Soft Axiom is a full-stack AI knowledge management platform with RAG (retrieval-augmented generation) capabilities. Ingest documents, query them through a chat interface backed by language models, and manage your personal knowledge base. The Next.js frontend is deployed on Vercel and the FastAPI backend runs on AWS App Runner. Live at softaxiom.com.
Motivation
There is no shortage of ChatGPT wrappers. The barrier to shipping an AI-powered product has dropped to the point where most of them are thin skins over an API call—prompt in, completion out, deploy to Vercel, done. The result is a flood of nearly identical apps that outsource every hard problem to a single provider and call it a day.
I wanted to go in the opposite direction: build a full-stack AI application end to end, from training and fine-tuning models with PyTorch and LoRA, to implementing the retrieval and embedding pipeline, to standing up the backend (FastAPI, PostgreSQL with pgvector), the frontend (Next.js), and the infrastructure (Docker, AWS App Runner) for actual cloud deployment. Not because wrapping an API is wrong, but because I wanted to understand every layer of the stack myself—how embeddings are generated and stored, how hybrid search and reranking work under the hood, how a model serving pipeline fits together, and what it actually takes to go from a training script to a running service. Soft Axiom is the vehicle for that.
Engineering and Product Lessons
Soft Axiom is also an exercise in using the best available engineering tools across the stack, including modern cloud computing. The project combines application development, infrastructure, model integration, and deployment workflows instead of treating them as separate concerns.
The biggest lesson has been that the quality of outcomes depends on the quality of the question. AI is most useful when the right issue is identified first, then broken down into testable hypotheses and fixed with fast feedback loops.
It also forced explicit tradeoff analysis: understanding how Vercel and AWS differ, comparing price-to-performance by workload, deciding what belongs in an MVP, and choosing when a feature is ready for public release. Security and privacy are treated as core product constraints, not post-launch add-ons.
Document Ingestion and RAG
The ingestion pipeline loads documents from multiple formats, chunks them for retrieval, and stores the chunks with embeddings in PostgreSQL with pgvector. At query time, Soft Axiom retrieves relevant chunks, optionally re-ranks them, and sends only the current query plus the retrieved context to the configured LLM provider.
LLM Providers
Soft Axiom supports multiple LLM providers: Ollama for fully local inference, plus OpenAI, Anthropic, and Google for cloud-backed queries.
Deployment Stack
The frontend is a Next.js 14 app deployed on Vercel. It communicates with the backend through API route rewrites that proxy requests to the backend origin, keeping the browser pointed at a single domain. Authentication is handled by AWS Cognito using the OIDC authorization-code flow via oidc-client-ts and react-oidc-context on the client side.
The backend is a FastAPI application running on AWS App Runner with the Python 3.11 runtime. App Runner performs source-based deployments from the main branch: the build phase installs dependencies from a pinned requirements file, downloads the AWS RDS SSL certificate bundle, and the run phase starts Uvicorn on port 8000. JWT tokens from Cognito are verified on every authenticated request using JWKS.

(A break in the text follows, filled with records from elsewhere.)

lemma cpow_face:
  assumes X: "is_complex X" and S: "S \<in> cpow X n" and \<tau>: "\<tau> \<subseteq> S" "\<tau> \<noteq> {}"
  shows "\<tau> \<in> cpow X n"
proof -
  have "(\<lambda>v. v ! i) ` \<tau> \<in> X" if "i < n" for i
  proof (rule complex_face[OF X])
    show "(\<lambda>v. v ! i) ` S \<in> X" using S that by (simp add: cpow_def)
  qed (use \<tau> in auto)
  with S \<tau> show ?thesis by (auto simp: cpow_def)
qed

lemma finite_complex_cpow:
  assumes X: "finite_complex X"
  shows "finite_complex (cpow X n)"
proof -
  let ?V = "{xs. set xs \<subseteq> vertices X \<and> length xs = n}"
  have V: "finite ?V" using X by (intro finite_lists_length_eq) (simp add: finite_complex_def)
  have "vertices (cpow X n) \<subseteq> ?V"
  proof
    fix xs assume "xs \<in> vertices (cpow X n)"
    then obtain S where "S \<in> cpow X n" "xs \<in> S" by (auto simp: vertices_def)
    then show "xs \<in> ?V" using cpow_simplex_subset_lists by blast
  qed
  moreover have "finite S" "S \<noteq> {}" if "S \<in> cpow X n" for S
    using that V cpow_simplex_subset_lists[OF that] finite_subset by (auto simp: cpow_def)
  ultimately show ?thesis
    using V finite_subset cpow_face[of X _ n] X
    unfolding finite_complex_def is_complex_def by meson
qed

lemma simplicial_map_cpow_nth:
  assumes "simplicial_map X Y \<phi>" "i < n"
  shows "simplicial_map (cpow X n) Y (\<lambda>v. \<phi> (v ! i))"
proof -
  have "simplicial_map (cpow X n) X (\<lambda>v. v ! i)"
    using assms(2) by (simp add: simplicial_map_def cpow_def)
  then show ?thesis using assms(1) by (rule simplicial_map_comp)
qed

lemma simplicial_map_cpow_map:
  assumes \<phi>: "simplicial_map X Y \<phi>"
  shows "simplicial_map (cpow X n) (cpow Y n) (map \<phi>)"
  unfolding simplicial_map_def
proof
  fix S assume S: "S \<in> cpow X n"
  have "(\<lambda>v. v ! i) ` map \<phi> ` S = \<phi> ` (\<lambda>v. v ! i) ` S" if "i < n" for i
    using S that unfolding image_image by (intro image_cong) (auto simp: cpow_def)
  then show "map \<phi> ` S \<in> cpow Y n"
    using S \<phi> by (auto simp: cpow_def simplicial_map_def)
qed

lemma TC_cover_exists:
  assumes "finite_complex X" "is_complex Y" "edge_path_connected Y" "simplicial_map X Y \<phi>"
  shows "\<exists>k A. SD_cover (cpow X n) Y {..<n} (\<lambda>i v. \<phi> (v ! i)) k A"
  using assms by (intro SD_cover_exists finite_complex_cpow) (auto intro: simplicial_map_cpow_nth)

lemma TC_comp_le_left:
  assumes "finite_complex L" "is_complex N" "edge_path_connected N"
    and "simplicial_map L N \<phi>" "simplicial_map N K \<psi>"
  shows "TC n L K (\<psi> \<circ> \<phi>) \<le> TC n L N \<phi>"
  using TC_cover_exists[OF assms(1-4)] SD_comp_left_le[OF _ assms(5)]
  unfolding TC_def comp_def by blast

lemma TC_comp_le_right:
  assumes "finite_complex L" "simplicial_map L N \<phi>"
    and "finite_complex N" "is_complex K" "edge_path_connected K" "simplicial_map N K \<psi>"
  shows "TC n L K (\<psi> \<circ> \<phi>) \<le> TC n N K \<psi>"
proof -
  have "TC n L K (\<psi> \<circ> \<phi>) = SD (cpow L n) K {..<n} (\<lambda>i v. \<psi> (map \<phi> v ! i))"
    unfolding TC_def by (rule SD_cong) (simp add: length_in_vertices_cpow)
  also have "\<dots> \<le> TC n N K \<psi>"
  proof -
    obtain k B where cover: "SD_cover (cpow N n) K {..<n} (\<lambda>i v. \<psi> (v ! i)) k B"
      using TC_cover_exists[OF assms(3-6)] by blast
    have "is_complex (cpow L n)"
      using finite_complex_cpow[OF assms(1)] by (simp add: finite_complex_def)
    from SD_comp_right_le[OF this simplicial_map_cpow_map[OF assms(2)] cover]
    show ?thesis unfolding TC_def .
  qed
  finally show ?thesis .
qed

theorem theorem5p4:
  fixes L :: "'a set set" and N :: "'b set set" and K :: "'c set set"
    and \<phi> :: "'a \<Rightarrow> 'b" and \<psi> :: "'b \<Rightarrow> 'c" and n :: nat
  assumes "finite_complex L" "edge_path_connected L"
    and "finite_complex N" "edge_path_connected N"
    and "finite_complex K" "edge_path_connected K"
    and "finite_fibration L N \<phi>" "\<phi> ` vertices L = vertices N"
    and "finite_fibration N K \<psi>" "\<psi> ` vertices N = vertices K"
    and "n \<ge> 2"
  shows "TC n L K (\<psi> \<circ> \<phi>) \<le> min (TC n L N \<phi>) (TC n N K \<psi>)"
proof -
  have N: "is_complex N" and K: "is_complex K"
    using assms(3,5) by (simp_all add: finite_complex_def)
  have \<phi>: "simplicial_map L N \<phi>" and \<psi>: "simplicial_map N K \<psi>"
    using assms(7,9) by (simp_all add: finite_fibration_def)
  show ?thesis
    using TC_comp_le_left[OF assms(1) N assms(4) \<phi> \<psi>]
      TC_comp_le_right[OF assms(1) \<phi> assms(3) K assms(6) \<psi>]
    by simp
qed

end
text \<open>
  False alarm: every event S_n < h is a decreasing function of the i.i.d. pre-change
  log-likelihood ratios. By Harris's inequality (obtained from Chebyshev's integral inequality
  by induction on the number of coordinates) such events are positively correlated, so the
  probability that none of the at most m_alpha window sums ending in [l, l + m_alpha) reaches h
  is at least P_inf(S_m < h) ^ m_alpha.

  Missed detection: the event T >= v depends only on x_1, ..., x_(v-1), while T >= v + m forces
  S_(v+m-1) < h, an event of the independent post-change block x_v, ..., x_(v+m-1) whose law
  is the same for every v. Hence
  P_v(T >= v + m | T >= v) <= P_v(S_(v+m-1) < h) = P_1(S_m < h).
\<close>

section \<open>Chebyshev's and Harris's inequalities\<close>

lemma chebyshev_integral_antimono:
  fixes a b :: "real \<Rightarrow> real"
  assumes "prob_space \<mu>"
    and [measurable]: "a \<in> borel_measurable \<mu>" "b \<in> borel_measurable \<mu>"
    and a_bounded: "\<And>x. \<bar>a x\<bar> \<le> 1" and b_bounded: "\<And>x. \<bar>b x\<bar> \<le> 1"
    and "antimono a" "antimono b"
  shows "(\<integral>x. a x \<partial>\<mu>) * (\<integral>x. b x \<partial>\<mu>) \<le> (\<integral>x. a x * b x \<partial>\<mu>)"
proof -
  interpret prob_space \<mu> by fact
  have [simp]: "integrable \<mu> a" "integrable \<mu> b" "integrable \<mu> (\<lambda>x. a x * b x)"
    using a_bounded b_bounded
    by (auto intro!: integrable_const_bound[where B=1] AE_I2 mult_le_one simp: abs_mult)
  define A where "A = (\<integral>x. a x \<partial>\<mu>)"
  define B where "B = (\<integral>x. b x \<partial>\<mu>)"
  define C where "C = (\<integral>x. a x * b x \<partial>\<mu>)"
  have same_sign: "0 \<le> (a s - a t) * (b s - b t)" for s t
    using \<open>antimono a\<close> \<open>antimono b\<close>
    by (cases "s \<le> t") (auto simp: antimono_def intro: mult_nonneg_nonneg mult_nonpos_nonpos)
  have inner: "(\<integral>t. (a s - a t) * (b s - b t) \<partial>\<mu>) = a s * b s - a s * B - b s * A + C" for s
    by (simp add: algebra_simps A_def B_def C_def prob_space)
  have "0 \<le> (\<integral>s. (\<integral>t. (a s - a t) * (b s - b t) \<partial>\<mu>) \<partial>\<mu>)"
    by (intro Bochner_Integration.integral_nonneg same_sign)
  also have "\<dots> = 2 * C - 2 * A * B"
    by (simp add: inner algebra_simps A_def B_def C_def prob_space)
  finally show ?thesis by (simp add: A_def B_def C_def)
qed

lemma
  fixes \<mu> :: "real measure" and f :: "('i \<Rightarrow> real) \<Rightarrow> real"
  assumes \<mu>: "prob_space \<mu>" and I: "finite I" "i \<notin> I"
    and f[measurable]: "f \<in> borel_measurable (PiM (insert i I) (\<lambda>_. \<mu>))"
    and f_bounded: "f \<in> space (PiM (insert i I) (\<lambda>_. \<mu>)) \<rightarrow> {-1..1}"
  shows integrable_section:
      "\<And>x. x \<in> space (PiM I (\<lambda>_. \<mu>)) \<Longrightarrow> integrable \<mu> (\<lambda>t. f (x(i := t)))"
    and borel_measurable_section_integral:
      "(\<lambda>x. \<integral>t. f (x(i := t)) \<partial>\<mu>) \<in> borel_measurable (PiM I (\<lambda>_. \<mu>))"
    and section_integral_bounded:
      "(\<lambda>x. \<integral>t. f (x(i := t)) \<partial>\<mu>) \<in> space (PiM I (\<lambda>_. \<mu>)) \<rightarrow> {-1..1}"
    and integral_PiM_insert_section:
      "(\<integral>x. f x \<partial>PiM (insert i I) (\<lambda>_. \<mu>)) = (\<integral>x. (\<integral>t. f (x(i := t)) \<partial>\<mu>) \<partial>PiM I (\<lambda>_. \<mu>))"
proof -
  interpret \<mu>: prob_space \<mu> by fact
  interpret product_prob_space "\<lambda>_::'i. \<mu>" UNIV
    by unfold_locales
  have upd_space: "x(i := t) \<in> space (PiM (insert i I) (\<lambda>_. \<mu>))"
    if "x \<in> space (PiM I (\<lambda>_. \<mu>))" "t \<in> space \<mu>" for x t
    using that by (auto simp: space_PiM PiE_iff extensional_def)
  show integrable: "integrable \<mu> (\<lambda>t. f (x(i := t)))" if "x \<in> space (PiM I (\<lambda>_. \<mu>))" for x
    using that I(2) f_bounded upd_space
    by (intro \<mu>.integrable_const_bound[where B=1] AE_I2)
       (auto simp: abs_le_iff intro: measurable_compose[OF measurable_component_update f])
  show "(\<lambda>x. \<integral>t. f (x(i := t)) \<partial>\<mu>) \<in> borel_measurable (PiM I (\<lambda>_. \<mu>))"
    by (rule \<mu>.borel_measurable_lebesgue_integral)
       (use measurable_compose[OF measurable_add_dim f] in \<open>simp add: case_prod_beta'\<close>)
  show "(\<lambda>x. \<integral>t. f (x(i := t)) \<partial>\<mu>) \<in> space (PiM I (\<lambda>_. \<mu>)) \<rightarrow> {-1..1}"
  proof
    fix x assume "x \<in> space (PiM I (\<lambda>_. \<mu>))"
    then have "\<bar>\<integral>t. f (x(i := t)) \<partial>\<mu>\<bar> \<le> (\<integral>t. 1 \<partial>\<mu>)"
      using f_bounded upd_space by (intro integral_abs_bound_integral integrable) (auto simp: abs_le_iff)
    then show "(\<integral>t. f (x(i := t)) \<partial>\<mu>) \<in> {-1..1}" by (simp add: \<mu>.prob_space abs_le_iff)
  qed
  show "(\<integral>x. f x \<partial>PiM (insert i I) (\<lambda>_. \<mu>)) = (\<integral>x. (\<integral>t. f (x(i := t)) \<partial>\<mu>) \<partial>PiM I (\<lambda>_. \<mu>))"
  proof (rule product_integral_insert[OF I])
    interpret Q: prob_space "PiM (insert i I) (\<lambda>_. \<mu>)"
      by (intro prob_space_PiM \<mu>)
    show "integrable (PiM (insert i I) (\<lambda>_. \<mu>)) f"
      using f_bounded by (intro Q.integrable_const_bound[where B=1] AE_I2) (auto simp: abs_le_iff)
  qed
qed

lemma mult_mem_symmetric_unit_interval:
  fixes a b :: real
  assumes "a \<in> {-1..1}" "b \<in> {-1..1}"
  shows "a * b \<in> {-1..1}"
proof -
  have "\<bar>a\<bar> * \<bar>b\<bar> \<le> 1" using assms by (intro mult_le_one) auto
  then have "\<bar>a * b\<bar> \<le> 1" by (simp add: abs_mult)
  then show ?thesis by (auto simp: abs_le_iff)
qed

definition antimono_coords :: "'i set \<Rightarrow> (('i \<Rightarrow> real) \<Rightarrow> real) \<Rightarrow> bool" where
  "antimono_coords I f \<longleftrightarrow>
     (\<forall>x\<in>PiE I (\<lambda>_. UNIV). \<forall>y\<in>PiE I (\<lambda>_. UNIV). (\<forall>j\<in>I. x j \<le> y j) \<longrightarrow> f y \<le> f x)"

lemma antimono_coords_fun_upd:
  assumes "antimono_coords (insert i I) f" "i \<notin> I"
    and "x \<in> PiE I (\<lambda>_. UNIV)" "y \<in> PiE I (\<lambda>_. UNIV)" "\<forall>j\<in>I. x j \<le> y j" "s \<le> t"
  shows "f (y(i := t)) \<le> f (x(i := s))"
  using assms unfolding antimono_coords_def
  by (elim ballE[of _ _ "x(i := s)"] ballE[of _ _ "y(i := t)"] impE)
     (auto simp: PiE_iff extensional_def)

lemma antimono_coords_section_integral:
  fixes \<mu> :: "real measure"
  assumes \<mu>: "prob_space \<mu>" "sets \<mu> = sets borel" and I: "finite I" "i \<notin> I"
    and f: "f \<in> borel_measurable (PiM (insert i I) (\<lambda>_. \<mu>))"
      "f \<in> space (PiM (insert i I) (\<lambda>_. \<mu>)) \<rightarrow> {-1..1}" "antimono_coords (insert i I) f"
  shows "antimono_coords I (\<lambda>x. \<integral>t. f (x(i := t)) \<partial>\<mu>)"
proof -
  have "space (PiM I (\<lambda>_. \<mu>)) = PiE I (\<lambda>_. UNIV)"
    using sets_eq_imp_space_eq[OF \<mu>(2)] by (simp add: space_PiM)
  then show ?thesis
    unfolding antimono_coords_def
    by (auto intro!: integral_mono integrable_section[OF \<mu>(1) I f(1,2)]
        simp: antimono_coords_fun_upd[OF f(3) I(2)])
qed
lemma cover_indices_subset_thickened:
  assumes "0 < r" "x \<in> X"
  shows "cover_indices \<U> k x \<subseteq> cover_indices (thickened X r \<U>) k x"
proof
  fix i assume "i \<in> cover_indices \<U> k x"
  then obtain U where "i < k" "U \<in> \<U> i" "x \<in> U" unfolding cover_indices_def by blast
  then show "i \<in> cover_indices (thickened X r \<U>) k x"
    using assms unfolding mem_cover_indices_thickened by force
qed

lemma cover_indices_thickened_eq:
  assumes "0 < r" "x \<in> X"
    and "m \<le> card (cover_indices \<U> k x)" "card (cover_indices (thickened X r \<U>) k x) \<le> m"
  shows "cover_indices (thickened X r \<U>) k x = cover_indices \<U> k x"
proof -
  note sub = cover_indices_subset_thickened[OF assms(1,2), of \<U> k]
  have "card (cover_indices \<U> k x) = card (cover_indices (thickened X r \<U>) k x)"
    using card_mono[OF finite_cover_indices sub] assms(3,4) by linarith
  from card_subset_eq[OF finite_cover_indices sub this] show ?thesis by (rule sym)
qed

context
  fixes X :: "'a::metric_space set" and k m :: nat and r D :: real and \<U> :: "nat \<Rightarrow> 'a set set"
  assumes fam: "controlled_families X k r D \<U>"
    and mult: "\<forall>x\<in>X. m \<le> card (cover_indices \<U> k x)"
    and m_pos: "0 < m" and r_pos: "0 < r"
begin

definition stratum :: "'a set \<Rightarrow> nat set \<Rightarrow> 'a set" where
  "stratum U T = {x \<in> X \<inter> U. cover_indices (thickened X r \<U>) k x = T}"

definition extra_family :: "'a set set" where
  "extra_family = {stratum U T | U T. card T = m \<and> U \<in> \<U> (Min T)}"

lemma mem_stratum:
  assumes "x \<in> stratum U T" "card T = m"
  shows "x \<in> X" "x \<in> U" "cover_indices (thickened X r \<U>) k x = T"
    and "cover_indices \<U> k x = T" "Min T < k"
proof -
  show "x \<in> X" "x \<in> U" and near: "cover_indices (thickened X r \<U>) k x = T"
    using assms(1) unfolding stratum_def by auto
  then show "cover_indices \<U> k x = T"
    using cover_indices_thickened_eq[of r x X m \<U> k] mult assms(2) r_pos by auto
  have "Min T \<in> T" using assms(2) m_pos by (intro Min_in) (auto simp: card_gt_0_iff)
  then show "Min T < k" using near unfolding cover_indices_def by auto
qed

Data lives in a PostgreSQL instance on AWS RDS with the pgvector extension enabled. Document chunks and their 1536- dimensional embeddings (generated by OpenAI text-embedding-3-small) are stored together, and retrieval uses a hybrid of HNSW vector similarity search and full-text search with tsvector indexes. Connections go through asyncpg with a pool of 2–10 connections and SSL enforced via the RDS CA bundle.
The project is closed source.
What's Next
- Finalize MVP boundaries and public launch milestones
- Expand security and privacy controls (data retention, access policies, and auditability)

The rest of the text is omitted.